That's a thread on here or on a diy site?
I'm confused too.:blink:


----------



## 480sparky (Sep 20, 2007)

Rudeboy said:


> Nice. I noticed it has a fourth terminal spot with no screw just a piece of cardboard slapped on there. Must have been made with random device parts or something.


 
My guess is, it's one enclosure that can serve multiple switch options..... 3-way, 4-way DP, etc.

There's provisions for 4 terminals. One just had the red cardboard in it. The 'feed-thru' had a terminal, but wasn't connected to anything (manufacturing error??).

I could see where the design could be adapted with different internal parts to accomodate other switching mechanisms.
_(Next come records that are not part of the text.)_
section \<open>Goppa codes\<close>

text \<open>The numerator of \<open>\<Sum>a\<in>S. c a / (x - a)\<close> over the common denominator
  \<open>\<Prod>b\<in>S. (x - b)\<close>.\<close>

definition goppa_numerator :: "'a set \<Rightarrow> ('a \<Rightarrow> 'a) \<Rightarrow> 'a::field poly" where
  "goppa_numerator S c = (\<Sum>a\<in>S. smult (c a) (\<Prod>b\<in>S-{a}. [:-b,1:]))"

lemma poly_goppa_numerator:
  assumes "finite S" and "x \<in> S"
  shows "poly (goppa_numerator S c) x = c x * (\<Prod>b\<in>S-{x}. x - b)"
proof -
  have "poly (goppa_numerator S c) x = (\<Sum>a\<in>S. c a * (\<Prod>b\<in>S-{a}. x - b))"
    by (simp add: goppa_numerator_def poly_sum poly_prod)
  also have "\<dots> = c x * (\<Prod>b\<in>S-{x}. x - b) + (\<Sum>a\<in>S-{x}. c a * (\<Prod>b\<in>S-{a}. x - b))"
    using assms by (simp add: sum.remove)
  also have "(\<Sum>a\<in>S-{x}. c a * (\<Prod>b\<in>S-{a}. x - b)) = 0"
    using assms by (intro sum.neutral) auto
  finally show ?thesis
    by simp
qed

lemma degree_goppa_numerator_le:
  assumes "finite S"
  shows "degree (goppa_numerator S c) \<le> card S - 1"
  unfolding goppa_numerator_def
proof (rule degree_sum_le[OF assms])
  fix a assume "a \<in> S"
  have "degree (smult (c a) (\<Prod>b\<in>S-{a}. [:-b,1:])) \<le> degree (\<Prod>b\<in>S-{a}. [:-b,1:])"
    by (rule degree_smult_le)
  also have "\<dots> = card S - 1"
    using assms \<open>a \<in> S\<close> by (simp add: degree_prod_eq_sum_degree)
  finally show "degree (smult (c a) (\<Prod>b\<in>S-{a}. [:-b,1:])) \<le> card S - 1" .
qed

lemma pderiv_prod_linear_factors:
  "pderiv (\<Prod>b\<in>S. [:-b,1::'a::field:]) = goppa_numerator S (\<lambda>_. 1)"
  by (simp add: goppa_numerator_def pderiv_prod pderiv_pCons)

lemma inv_mod_lin_dvd:
  fixes P :: "'a::field poly"
  assumes "poly P a \<noteq> 0"
  shows "P dvd [:-a,1:] * inv_mod_lin P a - 1"
proof -
  have "poly (P - [:poly P a:]) a = 0"
    by simp
  then have "[:-a,1:] dvd P - [:poly P a:]"
    by (simp only: poly_eq_0_iff_dvd)
  then obtain Q where Q: "P - [:poly P a:] = [:-a,1:] * Q"
    by (elim dvdE)
  define u where "u = smult (- inverse (poly P a)) Q"
  have "[:-a,1:] * u - 1 = smult (- inverse (poly P a)) (P - [:poly P a:]) - 1"
    unfolding u_def Q by (simp add: mult_smult_right)
  also have "\<dots> = smult (- inverse (poly P a)) P"
    using assms by (simp add: smult_diff_right one_pCons)
  finally have "P dvd [:-a,1:] * u - 1"
    by (simp only: dvd_smult dvd_refl)
  then show ?thesis
    unfolding inv_mod_lin_def by (rule someI)
qed

lemma goppa_sum_cong_numerator:
  fixes P :: "'a::field poly"
  assumes "finite S" and "\<forall>a\<in>S. poly P a \<noteq> 0"
  shows "P dvd (\<Prod>b\<in>S. [:-b,1:]) * (\<Sum>a\<in>S. smult (c a) (inv_mod_lin P a)) - goppa_numerator S c"
proof -
  have factor: "smult x (X * R * u) - smult x R = smult x (R * (X * u - 1))"
    for x and X R u :: "'a poly"
    by (simp add: algebra_simps smult_diff_right)
  have "(\<Prod>b\<in>S. [:-b,1:]) * (\<Sum>a\<in>S. smult (c a) (inv_mod_lin P a)) - goppa_numerator S c
      = (\<Sum>a\<in>S. smult (c a) ((\<Prod>b\<in>S. [:-b,1:]) * inv_mod_lin P a) - smult (c a) (\<Prod>b\<in>S-{a}. [:-b,1:]))"
    by (simp add: goppa_numerator_def sum_distrib_left sum_subtractf mult_smult_right)
  also have "\<dots> = (\<Sum>a\<in>S. smult (c a) ((\<Prod>b\<in>S-{a}. [:-b,1:]) * ([:-a,1:] * inv_mod_lin P a - 1)))"
    using assms(1) by (intro sum.cong refl) (simp only: prod.remove factor)
  also have "P dvd \<dots>"
  proof (intro dvd_sum dvd_smult dvd_mult)
    fix a assume "a \<in> S"
    with assms(2) show "P dvd [:-a,1:] * inv_mod_lin P a - 1"
      by (intro inv_mod_lin_dvd) blast
  qed
  finally show ?thesis .
qed

lemma dvd_prod_diff_one:
  fixes P :: "'b::comm_ring_1"
  assumes "\<And>a. a \<in> S \<Longrightarrow> P dvd f a - 1"
  shows "P dvd (\<Prod>a\<in>S. f a) - 1"
  using assms
proof (induction S rule: infinite_finite_induct)
  case (insert a S)
  have "f a * (\<Prod>a\<in>S. f a) - 1 = f a * ((\<Prod>a\<in>S. f a) - 1) + (f a - 1)"
    by (simp add: algebra_simps)
  also have "P dvd \<dots>"
    using insert by (simp add: dvd_add)
  finally show ?case
    using insert.hyps by simp
qed simp_all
It works when the button is pushed, and a small spring-loaded tab turns a small gear. You can see the tab, right under the spring.










That tab turns a lateral gear, here in the center:









The copper strip along the left has several contact points on it, which I would assume it could be used for 3-way and 4-way purposes.

When the gear is turned slightly, the copper strip is allowed to move, one set of contacts closes, and completes the circuit:










Push the button again, the gear moves and the strip is pushed away, opening the contacts.


----------



## nolabama (Oct 3, 2007)

Now that is a really neeto switch. What was wrong with it? Just replace with new for the remodel?


----------



## Rudeboy (Oct 6, 2009)

Awesome post. 480, have you ever seen push-type 3 and 4-way switches? Sorry for the ignorance, I just can't think of any time I've seen one.


----------



## 480sparky (Sep 20, 2007)

nolabama said:


> Now that is a really neeto switch. What was wrong with it? Just replace with new for the remodel?


 
Nothing is 'wrong' with it, but there's two styles of devices in the house. These old Hubbells and new toggles.

All this old push-button stuff is in the basement in general, and that's where to work is. Everything is the remodel/addition will get new stuff. The finished portion on the main level is all new stuff as well. 



Rudeboy said:


> Awesome post. 480, have you ever seen push-type 3 and 4-way switches? Sorry for the ignorance, I just can't think of any time I've seen one.


Once finished, I think there will be just a couple 3-ways left in the stairway. If they want to replace them, I'll bring one home and take it apart as well.


----------



## jaybirdnetworkk (Dec 30, 2009)

goes backwith the old clicker


----------